Visual attention and eye movements in primates have been widely shown to be guided by a combination of stimulus-dependent or 'bottom-up' cues, as well as task-dependent or 'top-down' cues. Both the bottom-up and top-down aspects of attention and eye movements have been modeled computationally. Yet, is is not until recent work which I will describe that bottom-up models have been strictly put to the test, predicting significantly above chance the eye movement patterns, functional neuroimaging activation patterns, or most recently neural activity in the superior colliculus of human or monkey participants inspecting complex static or dynamic scenes. In recent developments, models that increasingly attempt to capture top-down aspects have been proposed. In one system which I will describe, neuromorphic algorithms of bottom-up visual attention are employed to predict, in a task-independent manner, which elements in a video scene might more strongly attract attention and gaze. These bottom-up predictions have more recently been combined with top-down predictions, which allowed the system to learn from examples (recorded eye movements and actions of humans engaged in 3D video games, including flight combat, driving, first-person, or running a hot-dog stand that serves hungry customers) how to prioritize particular locations of interest given the task. Pushing deeper into real-time, joint online analysis of video and eye movements using neuromorphic models, we have recently been able to predict future gaze locations and intentions of future actions when a player is engaged in a task. In a similar approach where computational models provide a normative gold standard against a particular individual's gaze behavior, machine learning systems have been demonstrated which can predict, from eye movement recordings during 15 minutes of watching TV, whether a person has ADHD or other neurological disorders. Together, these studies suggest that it is possible to build fully computational models that coarsely capture some aspects of both bottom-up and top-down visual attention.

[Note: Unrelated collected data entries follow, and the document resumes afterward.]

(* For all non-negative integers $n$ and positive integers $k,m$, $$\det\Big(D_{2n+2j-2i}^{(2k+2m-1)}\Big)_{0\le i,j\le k-1}=(-1)^{km}\det\Big(D_{-2n-2j+2i-2k-2m}^{(2k+2m-1)}\Big)_{0\le i,j\le m-1}.$$
   Context: For $N\ge0$ and $0\le r,s\le K$, $C_N^{(K)}(r\to s)$ is the number of lattice paths with steps $(1,1),(1,-1)$ from $(0,r)$ to $(N,s)$ never below the $x$-axis nor above $y=K$. For odd $K$, $F(x)=\sum_{N\ge0}C_N^{(K)}(r\to s)x^N$ is rational $p/q$ with $\deg p<\deg q$, $q(0)\ne0$, and for negative $N$, $C_N^{(K)}(r\to s)$ is defined by $\sum_{N\ge1}C_{-N}^{(K)}(r\to s)x^N=-F(1/x)$ (equivalently by running the linear recurrence backwards); thus $C_N^{(K)}(r\to s)$ is defined for all integers $N$, and equals the path count for $N\ge0$. For all integers $n$, $D_{2n}^{(K)}:=C_{2n+K}^{(K)}(0\to K)$. *)

theory Defs
  imports "HOL-Computational_Algebra.Polynomial_FPS" "Jordan_Normal_Form.Determinant"
begin

text \<open>A path is encoded by its list of vertical steps ws (each +1 or -1);
  the height after i steps is r + sum of the first i steps.\<close>
definition path_count :: "int \<Rightarrow> nat \<Rightarrow> int \<Rightarrow> int \<Rightarrow> nat" where
  "path_count K N r s = card {ws :: int list. length ws = N \<and> set ws \<subseteq> {1, -1} \<and>
      (\<forall>i\<le>N. 0 \<le> r + sum_list (take i ws) \<and> r + sum_list (take i ws) \<le> K) \<and>
      r + sum_list ws = s}"

definition path_gf :: "int \<Rightarrow> int \<Rightarrow> int \<Rightarrow> real fps" where
  "path_gf K r s = Abs_fps (\<lambda>N. real (path_count K N r s))"

definition gf_rep :: "int \<Rightarrow> int \<Rightarrow> int \<Rightarrow> real poly \<times> real poly" where
  "gf_rep K r s = (SOME (p, q). poly q 0 \<noteq> 0 \<and> degree p < degree q \<and>
      path_gf K r s * fps_of_poly q = fps_of_poly p)"

text \<open>The power series -F(1/x) = - (x^(deg q - deg p) * reflect p) / reflect q,
  i.e. -p(1/x)/q(1/x) with numerator and denominator multiplied by x^(deg q).\<close>
definition neg_gf :: "int \<Rightarrow> int \<Rightarrow> int \<Rightarrow> real fps" where
  "neg_gf K r s = (case gf_rep K r s of (p, q) \<Rightarrow>
      - fps_of_poly (monom 1 (degree q - degree p) * reflect_poly p) / fps_of_poly (reflect_poly q))"

definition C :: "int \<Rightarrow> int \<Rightarrow> int \<Rightarrow> int \<Rightarrow> real" where
  "C K N r s = (if 0 \<le> N then real (path_count K (nat N) r s)
                else fps_nth (neg_gf K r s) (nat (- N)))"

text \<open>D_{2n}^{(K)} := C_{2n+K}^{(K)}(0 \<rightarrow> K); the argument n here is half the subscript.\<close>
definition D :: "int \<Rightarrow> int \<Rightarrow> real" where
  "D K n = C K (2 * n + K) 0 K"

end

theory Submission
  imports Defs
begin

text \<open>Paths of odd length \<open>2t + 1\<close> from height \<open>0\<close> to an odd height of the strip of width
  \<open>K = 2L - 1\<close> are counted by the entries of \<open>G ^ t\<close>, where the two-step transfer matrix
  \<open>G = M M\<^sup>T\<close> on the \<open>L\<close> odd heights has a unit bidiagonal factor \<open>M\<close>, so \<open>det G = 1\<close>.
  In particular \<open>D\<^sub>2\<^sub>t\<close>, the number of paths of length \<open>2t + K\<close> from \<open>0\<close> to \<open>K\<close>, is the
  corner entry \<open>(0, L - 1)\<close> of \<open>G ^ (t + L - 1)\<close>. The
  triangular shape of the first rows and last columns of the powers of \<open>G\<close> yields a linear
  recurrence for these corner entries with nonzero trailing coefficient; the extension of \<open>C\<close>
  to negative lengths through \<open>-F(1/x)\<close> is the backward continuation of that recurrence, so it
  is given by the corner entries of negative powers of \<open>G\<close>. The same triangularity factors
  both Toeplitz determinants through unitriangular matrices, turning them into complementary
  minors of \<open>G ^ (n + m)\<close> and its inverse, and Jacobi's complementary minor theorem
  finishes the proof.\<close>

section \<open>Linear recurrences and the extension to negative indices\<close>

definition lin_rec :: "nat \<Rightarrow> (nat \<Rightarrow> real) \<Rightarrow> (int \<Rightarrow> real) \<Rightarrow> bool" where
  "lin_rec d g c \<longleftrightarrow> (\<forall>N. c (N + int d) = (\<Sum>j<d. g j * c (N + int j)))"

lemma lin_rec_zero_backwards:
  assumes rec: "lin_rec d g r" and d: "0 < d" and g0: "g 0 \<noteq> 0"
    and zero: "\<And>N. N0 \<le> N \<Longrightarrow> r N = 0"
  shows "r N = 0"
proof -
  have "\<forall>N. N0 - int k \<le> N \<longrightarrow> r N = 0" for k
  proof (induction k)
    case 0
    then show ?case using zero by simp
  next
    case (Suc k)
    show ?case
    proof (intro allI impI)
      fix N assume N: "N0 - int (Suc k) \<le> N"
      show "r N = 0"
      proof (cases "N0 - int k \<le> N")
        case True
        then show ?thesis using Suc by blast
      next
        case False
        then have N_eq: "N = N0 - int k - 1" using N by simp
        have "(\<Sum>j<d. g j * r (N + int j)) = (\<Sum>j<d. if j = 0 then g 0 * r N else 0)"
          by (rule sum.cong) (use Suc N_eq in auto)
        also have "\<dots> = g 0 * r N" using d by (simp add: sum.delta)
        finally have "g 0 * r N = r (N + int d)" using rec by (simp add: lin_rec_def)
        also have "\<dots> = 0" using Suc d N_eq by simp
        finally show ?thesis using g0 by simp
      qed
    qed
  qed
  moreover have "N0 - int (nat (N0 - N)) \<le> N" by (cases "N0 \<le> N") auto
  ultimately show ?thesis by blast
qed

definition rec_denom :: "nat \<Rightarrow> (nat \<Rightarrow> real) \<Rightarrow> real poly" where
  "rec_denom d g = 1 - (\<Sum>j<d. monom (g j) (d - j))"

lemma coeff_rec_denom:
  "coeff (rec_denom d g) i = (if i = 0 then 1 else if i \<le> d then - g (d - i) else 0)"
proof -
  have "(\<Sum>j<d. if d - j = i then g j else 0) = (\<Sum>j<d. if j = d - i \<and> 1 \<le> i \<and> i \<le> d then g j else 0)"
    by (rule sum.cong) auto
  also have "\<dots> = (if 1 \<le> i \<and> i \<le> d then g (d - i) else 0)"
    by (cases "1 \<le> i \<and> i \<le> d") (auto simp: sum.delta)
  finally show ?thesis by (auto simp: rec_denom_def coeff_sum)
qed

lemma degree_rec_denom:
  assumes "0 < d" "g 0 \<noteq> 0"
  shows "degree (rec_denom d g) = d"
proof (rule antisym)
  show "degree (rec_denom d g) \<le> d" by (rule degree_le) (auto simp: coeff_rec_denom)
  show "d \<le> degree (rec_denom d g)" by (rule le_degree) (use assms in \<open>auto simp: coeff_rec_denom\<close>)
qed

lemma gf_times_rec_denom_nth:
  assumes rec: "lin_rec d g c" and i: "d \<le> i"
  shows "fps_nth (Abs_fps (\<lambda>n. c (int n)) * fps_of_poly (rec_denom d g)) i = 0"
proof -
  have "fps_nth (Abs_fps (\<lambda>n. c (int n)) * fps_of_poly (rec_denom d g)) i
      = (\<Sum>t=0..i. coeff (rec_denom d g) t * c (int (i - t)))"
    by (simp add: mult.commute[of "Abs_fps _"] fps_mult_nth)
  also have "\<dots> = (\<Sum>t=0..i. (if t = 0 then c (int i) else 0)
                 - (if t \<in> {1..d} then g (d - t) * c (int i - int t) else 0))"
    by (rule sum.cong) (use i in \<open>auto simp: coeff_rec_denom of_nat_diff\<close>)
  also have "\<dots> = c (int i) - (\<Sum>t\<in>{0..i} \<inter> {1..d}. g (d - t) * c (int i - int t))"
    by (simp only: sum_subtractf sum.inter_restrict[symmetric] finite_atLeastAtMost) simp
  also have "{0..i} \<inter> {1..d} = {1..d}" using i by auto
  also have "(\<Sum>t\<in>{1..d}. g (d - t) * c (int i - int t)) = (\<Sum>j<d. g j * c (int i - int d + int j))"
    by (rule sum.reindex_bij_witness[of _ "\<lambda>j. d - j" "\<lambda>t. d - t"]) (auto simp: of_nat_diff)
  also have "\<dots> = c (int i)" using rec[unfolded lin_rec_def, rule_format, of "int i - int d"] by simp
  finally show ?thesis by simp
qed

Laurent Itti received his M.S. degree in Image Processing from the Ecole Nationale Superieure des Telecommunications (Paris, France) in 1994, and his Ph.D. in Computation and Neural Systems from Caltech (Pasadena, California) in 2000. He has since then been an Assistant, Associate, and now Full Professor of Computer Science, Psychology, and Neuroscience at the University of Southern California.
Dr. Itti's research interests are in biologically-inspired computational vision, in particular in the domains of visual attention, scene understanding, control of eye movements, and surprise. This basic research has technological applications to, among others, video compression, target detection, and robotics. Dr. Itti has co-authored over 150 publications in peer-reviewed journals, books and conferences, three patents, and several open-source neuromorphic vision software toolkits.